Tier 1 and 2 drugs purchased from a Preferred pharmacy include, but are not limited to the following:

 
  • Drugs, vitamins and minerals, and nutritional supplements included in our closed formulary that by Federal law of the United States require a prescription for their purchase

    Note: See page 96 for our coverage of medications to promote better health as recommended under the Affordable Care Act.
     
  • Medical foods, as defined by the U.S. Food and Drug Administration, that are consumed or administered enterally and are intended for the specific dietary management of a disease or condition for which there are distinctive nutritional requirements.

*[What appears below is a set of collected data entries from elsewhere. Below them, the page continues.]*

(* For every integer $k\ge 2$ there exists a constant $c_k$ depending only on $k$ such that the following holds: if $\Gamma$ is any set of configurations containing at least one configuration $(S,(T_1,T_2))$ with $|S|=k$ (i.e. a $(2,k)$-configuration), then for all positive integers $n,m$ the number $a(n,m,\Gamma)$ of $(n,m)$-elections on the candidate set $\{c_1,\ldots,c_m\}$ avoiding every configuration in $\Gamma$ satisfies $a(n,m,\Gamma)\le m!\cdot c_k^{(n-1)m}$.
   Context: An $(n,m)$-election $(C,\mathcal{P})$ is a set $C$ of $m$ candidates with an ordered $n$-tuple $\mathcal{P}=(V_1,\ldots,V_n)$ of total orders on $C$ (so there are $(m!)^n$ elections on a fixed candidate set; elections differing only in the order of votes are distinct). An $(l,k)$-configuration $(S,\mathcal{T})$ is a set $S$ with $|S|=k$ and a tuple $\mathcal{T}=(T_1,\ldots,T_l)$ of total orders on $S$. The election contains the configuration if there are injective maps $f:\{1,\ldots,l\}\to\{1,\ldots,n\}$ and $g:S\to C$ such that for all distinct $x,y\in S$ and all $i$, $T_i$ ranking $x$ above $y$ implies $V_{f(i)}$ ranks $g(x)$ above $g(y)$; otherwise it avoids the configuration. *)

theory Defs
  imports Complex_Main
begin

text \<open>A total order on a set A is a relation r with linear_order_on A r;
  x is ranked above y in r iff (x, y) is in r (for distinct x, y).
  Candidates are c_1..c_m, represented by the naturals 0..m-1.\<close>

definition is_election :: "nat \<Rightarrow> nat \<Rightarrow> nat rel list \<Rightarrow> bool" where
  "is_election n m P \<longleftrightarrow> length P = n \<and> (\<forall>V\<in>set P. linear_order_on {0..<m} V)"

definition is_configuration :: "nat set \<times> nat rel list \<Rightarrow> bool" where
  "is_configuration ST \<longleftrightarrow> finite (fst ST) \<and> (\<forall>Ti\<in>set (snd ST). linear_order_on (fst ST) Ti)"

definition contains_config :: "nat \<Rightarrow> nat \<Rightarrow> nat rel list \<Rightarrow> nat set \<times> nat rel list \<Rightarrow> bool" where
  "contains_config n m P ST \<longleftrightarrow>
     (\<exists>f g. inj_on f {0..<length (snd ST)} \<and> f ` {0..<length (snd ST)} \<subseteq> {0..<n}
        \<and> inj_on g (fst ST) \<and> g ` (fst ST) \<subseteq> {0..<m}
        \<and> (\<forall>i<length (snd ST). \<forall>x\<in>fst ST. \<forall>y\<in>fst ST.
              x \<noteq> y \<longrightarrow> (x, y) \<in> snd ST ! i \<longrightarrow> (g x, g y) \<in> P ! f i))"

definition avoiding_elections :: "nat \<Rightarrow> nat \<Rightarrow> (nat set \<times> nat rel list) set \<Rightarrow> nat rel list set" where
  "avoiding_elections n m \<Gamma> =
     {P. is_election n m P \<and> (\<forall>ST\<in>\<Gamma>. \<not> contains_config n m P ST)}"

end

theory Submission
  imports Defs "HOL-Library.FuncSet" "HOL-Combinatorics.Permutations"
begin

text \<open>Fix a configuration \<open>(S, [T\<^sub>1, T\<^sub>2])\<close> in \<open>\<Gamma>\<close> with \<open>|S| = k\<close>. Relative to the first vote
  \<open>V\<^sub>0\<close>, every other vote \<open>V\<close> is encoded by the \<open>m \<times> m\<close> permutation matrix
  \<open>{(rank V\<^sub>0 c, rank V c)}\<close>; if the election avoids the configuration, all these matrices avoid
  the \<open>k \<times> k\<close> permutation pattern \<open>{(rank T\<^sub>1 x, rank T\<^sub>2 x) | x \<in> S}\<close>, and the election is
  determined by \<open>V\<^sub>0\<close> (at most \<open>m!\<close> choices) together with them. By the Marcus--Tardos theorem an
  \<open>N \<times> N\<close> 0-1 matrix avoiding a \<open>k \<times> k\<close> permutation pattern has \<open>O(N)\<close> ones, and Klazar's
  contraction argument turns this into at most \<open>c\<^sup>N\<close> avoiding matrices, whence the bound
  \<open>m! c\<^bsup>(n - 1) m\<^esup>\<close>.\<close>

section \<open>Permutation patterns in point sets\<close>

text \<open>A point set \<open>A\<close> is a 0-1 matrix; it contains the pattern \<open>{(\<rho> d, \<sigma> d) | d \<in> D}\<close> if \<open>D\<close>
  maps into \<open>A\<close> so that strict order of \<open>\<rho>\<close> (of \<open>\<sigma>\<close>) forces strict order of first (second)
  coordinates.\<close>

definition contains_pattern ::
    "(nat \<times> nat) set \<Rightarrow> 'a set \<Rightarrow> ('a \<Rightarrow> nat) \<Rightarrow> ('a \<Rightarrow> nat) \<Rightarrow> bool" where
  "contains_pattern A D \<rho> \<sigma> \<longleftrightarrow> (\<exists>\<phi>. \<phi> ` D \<subseteq> A
     \<and> (\<forall>d\<in>D. \<forall>e\<in>D. \<rho> d < \<rho> e \<longrightarrow> fst (\<phi> d) < fst (\<phi> e))
     \<and> (\<forall>d\<in>D. \<forall>e\<in>D. \<sigma> d < \<sigma> e \<longrightarrow> snd (\<phi> d) < snd (\<phi> e)))"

    The Plan covers medical food formulas and enteral nutrition products that are ordered by a healthcare provider, and are medically necessary to prevent clinical deterioration in members at nutritional risk. (See Coverage below)
     
    • Must meet the definition of medical food (see definition on page 131)
       
    • Must be receiving active, regular, and ongoing medical supervision and must be unable to manage the condition by modification of diet alone
       
Coverage is provided as follows:
 
  • Inborn errors of amino acid metabolism
     
  • Food allergy with atopic dermatitis, gastrointestinal symptoms, IgE mediation, malabsorption disorder, seizure disorder, failure to thrive, or prematurity, when administered orally and is the sole source (100%) of nutrition. This once per lifetime benefit is limited to one year following the date of the initial prescription or physician order for the medical food (e.g., Neocate, in a formula form or powders mixed to become formulas)
     
  • Medical foods and nutritional supplements when administered by catheter or nasogastric tubes
     
Notes:
 
  • A prescription and prior approval are required for medical foods provided under the pharmacy benefit. Renewals of the prior authorization are required every benefit year for inborn errors of metabolism and tube feeding.
     
  • See Section 5(a), page 54, for our coverage of medical foods and nutritional supplements when administered by catheter or nasogastric tube under the medical benefit.
 
  • Insulin, diabetic test strips, lancets and tubeless insulin delivery systems

    Note: See page 53 for our coverage of insulin pumps with tubes.
     
  • Needles and disposable syringes for the administration of covered medications
     
  • Clotting factors and anti-inhibitor complexes for the treatment of hemophilia
 

You Pay
See pages 93 and 97
 
Benefits Description
 
  • Drugs to aid smoking and tobacco cessation that require a prescription by federal law

    Notes:
     
    • We provide benefits for over-the-counter (OTC) smoking and tobacco cessation medications only as described on page 98.
       
    • You may be eligible to receive smoking and tobacco cessation medications at no charge. See page 98 for more information.
       
  • Drugs for the diagnosis of infertility, except as described on page 99
     
  • Drugs to treat gender dysphoria (gonadotropin-releasing hormone (GnRH) antagonists and testosterones)
     
  • Contraceptive drugs and devices, limited to:
     
    • Diaphragms and contraceptive rings
       
    • Injectable contraceptives
       
    • Intrauterine devices (IUDs)
       
    • Implantable contraceptives
       
    • Oral and transdermal contraceptives

Note: We waive your cost-share for generic contraceptives and for brand-name contraceptives that have no generic equivalent or generic alternative, when you purchase them at a Preferred retail pharmacy.